*INSTRUCTIONS FOR THE TASK*:
As the answer, set down the lines below from the one containing "by (intro classG_add" through the one containing "(intro mult_right_mono) auto", exactly and inclusively, and no others.
***
lemma marcinkiewicz_subset_lorentz:
  assumes G: "classG \<rho>"
    and fin: "(\<integral>\<^sup>+ s. ennreal (recip_on01 \<rho> s) \<partial>interval_measure (ext_fun \<psi>)) < \<infinity>"
  shows "marcinkiewicz_space (tilde \<rho>) \<subseteq> lorentz_space \<psi>"
proof
  fix x assume x: "x \<in> marcinkiewicz_space (tilde \<rho>)"
  then obtain C where C: "0 \<le> C" "\<And>t. 0 < t \<Longrightarrow> t \<le> 1 \<Longrightarrow> rearr x t \<le> C / \<rho> t"
    using marcinkiewicz_rearr_le[OF x classG_pos[OF G]] by blast
  have "lorentz_norm \<psi> x
      \<le> (\<integral>\<^sup>+ s. ennreal C * ennreal (recip_on01 \<rho> s) \<partial>interval_measure (ext_fun \<psi>))"
    unfolding lorentz_norm_def
  proof (rule nn_integral_mono)
    fix s
    show "ennreal (rearr x s) * indicator {0<..1} s \<le> ennreal C * ennreal (recip_on01 \<rho> s)"
    proof (cases "0 < s \<and> s \<le> 1")
      case True
      then have "rearr x s \<le> C * recip_on01 \<rho> s" using C(2)[of s] by (simp add: recip_on01_def)
      then have "ennreal (rearr x s) \<le> ennreal C * ennreal (recip_on01 \<rho> s)"
        unfolding ennreal_mult'[OF C(1), symmetric] by (rule ennreal_leI)
      with True show ?thesis by simp
    qed simp
  qed
  also have "\<dots> = ennreal C * (\<integral>\<^sup>+ s. ennreal (recip_on01 \<rho> s) \<partial>interval_measure (ext_fun \<psi>))"
  proof (rule nn_integral_cmult)
    have "recip_on01 \<rho> \<in> borel_measurable (interval_measure (ext_fun \<psi>))"
      unfolding measurable_cong_sets[OF sets_interval_measure refl] by (rule recip_on01_borel[OF G])
    then show "(\<lambda>s. ennreal (recip_on01 \<rho> s)) \<in> borel_measurable (interval_measure (ext_fun \<psi>))"
      by measurable
  qed
  also have "\<dots> < \<infinity>" using fin by (simp add: ennreal_mult_less_top)
  finally have "lorentz_norm \<psi> x < \<infinity>" .
  moreover have "meas01 x" using x by (simp add: marcinkiewicz_space_def)
  ultimately show "x \<in> lorentz_space \<psi>" by (simp add: lorentz_space_def)
qed

section \<open>Construction of the smaller function\<close>

lemma nn_integral_Ioc_less:
  fixes h :: "real \<Rightarrow> ennreal"
  assumes M: "sets M = sets borel" and h: "h \<in> borel_measurable borel"
    and fin: "(\<integral>\<^sup>+ s. h s \<partial>M) < \<infinity>" and e: "0 < e"
  obtains t where "0 < t" "t \<le> 1" "(\<integral>\<^sup>+ s. h s * indicator {0<..t} s \<partial>M) < e"
proof -
  define f where "f n s = h s * indicator {0<..1 / Suc n} s" for n s
  have meas: "f n \<in> borel_measurable M" for n
    unfolding f_def measurable_cong_sets[OF M refl] using h by measurable
  have dec: "decseq f"
  proof (intro decseq_SucI le_funI)
    fix n s
    have "1 / real (Suc (Suc n)) \<le> 1 / real (Suc n)" by (simp add: frac_le)
    then show "f (Suc n) s \<le> f n s"
      unfolding f_def by (intro mult_left_mono) (auto simp: indicator_def)
  qed
  have fin_n: "(\<integral>\<^sup>+ s. f n s \<partial>M) < \<infinity>" for n
  proof -
    have "(\<integral>\<^sup>+ s. f n s \<partial>M) \<le> (\<integral>\<^sup>+ s. h s \<partial>M)"
      by (intro nn_integral_mono) (simp add: f_def indicator_def)
    with fin show ?thesis by (rule le_less_trans[rotated])
  qed
  have pointwise: "(INF n. f n s) = 0" for s
  proof (cases "0 < s")
    case True
    then obtain n where "1 / Suc n < s" using reals_Archimedean by (auto simp: inverse_eq_divide)
    then have "f n s = 0" by (simp add: f_def)
    moreover have "(INF n. f n s) \<le> f n s" by (rule INF_lower) simp
    ultimately show ?thesis by simp
  qed (simp add: f_def)
  have "(INF n. \<integral>\<^sup>+ s. f n s \<partial>M) = 0"
    using nn_integral_monotone_convergence_INF_decseq[OF dec meas fin_n] by (simp add: pointwise)
  with e have "(INF n. \<integral>\<^sup>+ s. f n s \<partial>M) < e" by simp
  then obtain n where "(\<integral>\<^sup>+ s. f n s \<partial>M) < e" by (auto simp: INF_less_iff)
  then show ?thesis by (intro that[of "1 / Suc n"]) (auto simp: f_def)
qed

definition lower_envelope :: "(real \<Rightarrow> real) \<Rightarrow> (nat \<Rightarrow> real) \<Rightarrow> real \<Rightarrow> real" where
  "lower_envelope \<phi> \<tau> t = (INF j. (1/2)^j * \<phi> t + \<phi> (\<tau> j) / \<tau> j * t)"

definition dyadic_weight :: "(nat \<Rightarrow> real) \<Rightarrow> real \<Rightarrow> ennreal" where
  "dyadic_weight \<tau> s = 1 + (\<Sum>k. ennreal (2^k) * indicator {0<..\<tau> k} s)"

lemma one_le_dyadic_weight: "1 \<le> dyadic_weight \<tau> s"
  by (simp add: dyadic_weight_def)

lemma dyadic_weight_ge:
  assumes "0 < s" "s \<le> \<tau> j"
  shows "ennreal (2^j) \<le> dyadic_weight \<tau> s"
proof -
  define F where "F k = ennreal (2^k) * indicator {0<..\<tau> k} s" for k
  have "sum F {j} \<le> suminf F" by (rule sum_le_suminf) auto
  also have "\<dots> \<le> dyadic_weight \<tau> s" by (simp add: dyadic_weight_def F_def[abs_def])
  finally show ?thesis using assms by (simp add: F_def)
qed

lemma nn_integral_dyadic_weight_finite:
  fixes h :: "real \<Rightarrow> ennreal"
  assumes M: "sets M = sets borel" and h: "h \<in> borel_measurable borel"
    and fin: "(\<integral>\<^sup>+ s. h s \<partial>M) < \<infinity>"
    and small: "\<And>k. (\<integral>\<^sup>+ s. h s * indicator {0<..\<tau> k} s \<partial>M) \<le> ennreal ((1/4)^k)"
  shows "(\<integral>\<^sup>+ s. dyadic_weight \<tau> s * h s \<partial>M) < \<infinity>"
proof -
  have hk: "(\<lambda>s. h s * indicator {0<..\<tau> k} s) \<in> borel_measurable M" for k
    unfolding measurable_cong_sets[OF M refl] using h by measurable
  then have meas: "(\<lambda>s. ennreal (2^k) * (h s * indicator {0<..\<tau> k} s)) \<in> borel_measurable M" for k
    by measurable
  have hM: "h \<in> borel_measurable M" using h by (simp add: measurable_cong_sets[OF M refl])
  have "dyadic_weight \<tau> s * h s = h s + (\<Sum>k. ennreal (2^k) * (h s * indicator {0<..\<tau> k} s))" for s
    by (simp add: dyadic_weight_def distrib_left mult_ac)
  then have split: "(\<integral>\<^sup>+ s. dyadic_weight \<tau> s * h s \<partial>M)
      = (\<integral>\<^sup>+ s. h s \<partial>M) + (\<integral>\<^sup>+ s. (\<Sum>k. ennreal (2^k) * (h s * indicator {0<..\<tau> k} s)) \<partial>M)"
    using meas by (simp add: nn_integral_add[OF hM])
  have "(\<integral>\<^sup>+ s. (\<Sum>k. ennreal (2^k) * (h s * indicator {0<..\<tau> k} s)) \<partial>M)
      = (\<Sum>k. \<integral>\<^sup>+ s. ennreal (2^k) * (h s * indicator {0<..\<tau> k} s) \<partial>M)"
    by (rule nn_integral_suminf[OF meas])
  also have "\<dots> = (\<Sum>k. ennreal (2^k) * (\<integral>\<^sup>+ s. h s * indicator {0<..\<tau> k} s \<partial>M))"
    by (simp only: nn_integral_cmult[OF hk])
  also have "\<dots> \<le> (\<Sum>k. ennreal ((1/2)^k))"
  proof (rule suminf_le)
    fix k
    have "ennreal (2^k) * (\<integral>\<^sup>+ s. h s * indicator {0<..\<tau> k} s \<partial>M)
        \<le> ennreal (2^k) * ennreal ((1/4)^k)"
      using small by (rule mult_left_mono) simp
    also have "\<dots> = ennreal (2^k * (1/4)^k)"
      by (rule ennreal_mult[symmetric]) auto
    also have "(2::real)^k * (1/4)^k = (1/2)^k"
      by (simp flip: power_mult_distrib)
    finally show "ennreal (2^k) * (\<integral>\<^sup>+ s. h s * indicator {0<..\<tau> k} s \<partial>M) \<le> ennreal ((1/2)^k)" .
  qed auto
  also have "(\<Sum>k. ennreal ((1/2::real)^k)) = ennreal 2"
  proof -
    have "(\<Sum>k. ennreal ((1/2::real)^k)) = ennreal (\<Sum>k. (1/2::real)^k)"
      by (rule suminf_ennreal2) auto
    then show ?thesis using suminf_geometric[of "1/2::real"] by simp
  qed
  finally have "(\<integral>\<^sup>+ s. (\<Sum>k. ennreal (2^k) * (h s * indicator {0<..\<tau> k} s)) \<partial>M) < \<infinity>"
    by (simp add: le_less_trans)
  with fin show ?thesis unfolding split by simp
qed

context
  fixes \<phi> :: "real \<Rightarrow> real" and \<tau> :: "nat \<Rightarrow> real"
  assumes G: "classG \<phi>" and \<tau>: "\<And>j. 0 < \<tau> j" "\<And>j. \<tau> j \<le> 1"
begin

lemma classG_lower_envelope: "classG (lower_envelope \<phi> \<tau>)"
  unfolding lower_envelope_def[abs_def]
proof (rule classG_cINF)
  have \<phi>1: "0 < \<phi> 1" using classG_pos[OF G] by simp
  then show "classG (\<lambda>t. \<phi> 1 * t)" by (rule classG_linear)
  fix j
  have slope: "\<phi> 1 \<le> \<phi> (\<tau> j) / \<tau> j"
    using classG_ratio_antimono[OF G \<tau>(1) \<tau>(2) order_refl] \<tau>(1)[of j] by (simp add: field_simps)
  with \<phi>1 have "0 < \<phi> (\<tau> j) / \<tau> j" by linarith
  then show "classG (\<lambda>t. (1/2)^j * \<phi> t + \<phi> (\<tau> j) / \<tau> j * t)"
    by (intro classG_add classG_cmult classG_linear G) auto
  fix t :: real assume t: "0 < t" "t \<le> 1"
  have "0 \<le> (1/2)^j * \<phi> t" using classG_pos[OF G t] by simp
  moreover have "\<phi> 1 * t \<le> \<phi> (\<tau> j) / \<tau> j * t" using slope t by (intro mult_right_mono) auto
  ultimately show "\<phi> 1 * t \<le> (1/2)^j * \<phi> t + \<phi> (\<tau> j) / \<tau> j * t" by linarith
qed

lemma lower_envelope_le:
  assumes t: "0 < t" "t \<le> 1"
  shows "lower_envelope \<phi> \<tau> t \<le> (1/2)^j * \<phi> t + \<phi> (\<tau> j) / \<tau> j * t"
  unfolding lower_envelope_def
proof (rule cINF_lower)
  have "0 \<le> (1/2)^j * \<phi> t + \<phi> (\<tau> j) / \<tau> j * t" for j
    using classG_pos[OF G t] classG_pos[OF G \<tau>(1) \<tau>(2), of j] \<tau>(1)[of j] t by simp
  then show "bdd_below (range (\<lambda>j. (1/2)^j * \<phi> t + \<phi> (\<tau> j) / \<tau> j * t))"
    by (intro bdd_belowI[where m = 0]) auto
qed simp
***
*REPLY*:
    by (intro classG_add classG_cmult classG_linear G) auto
  fix t :: real assume t: "0 < t" "t \<le> 1"
  have "0 \<le> (1/2)^j * \<phi> t" using classG_pos[OF G t] by simp
  moreover have "\<phi> 1 * t \<le> \<phi> (\<tau> j) / \<tau> j * t" using slope t by (intro mult_right_mono) auto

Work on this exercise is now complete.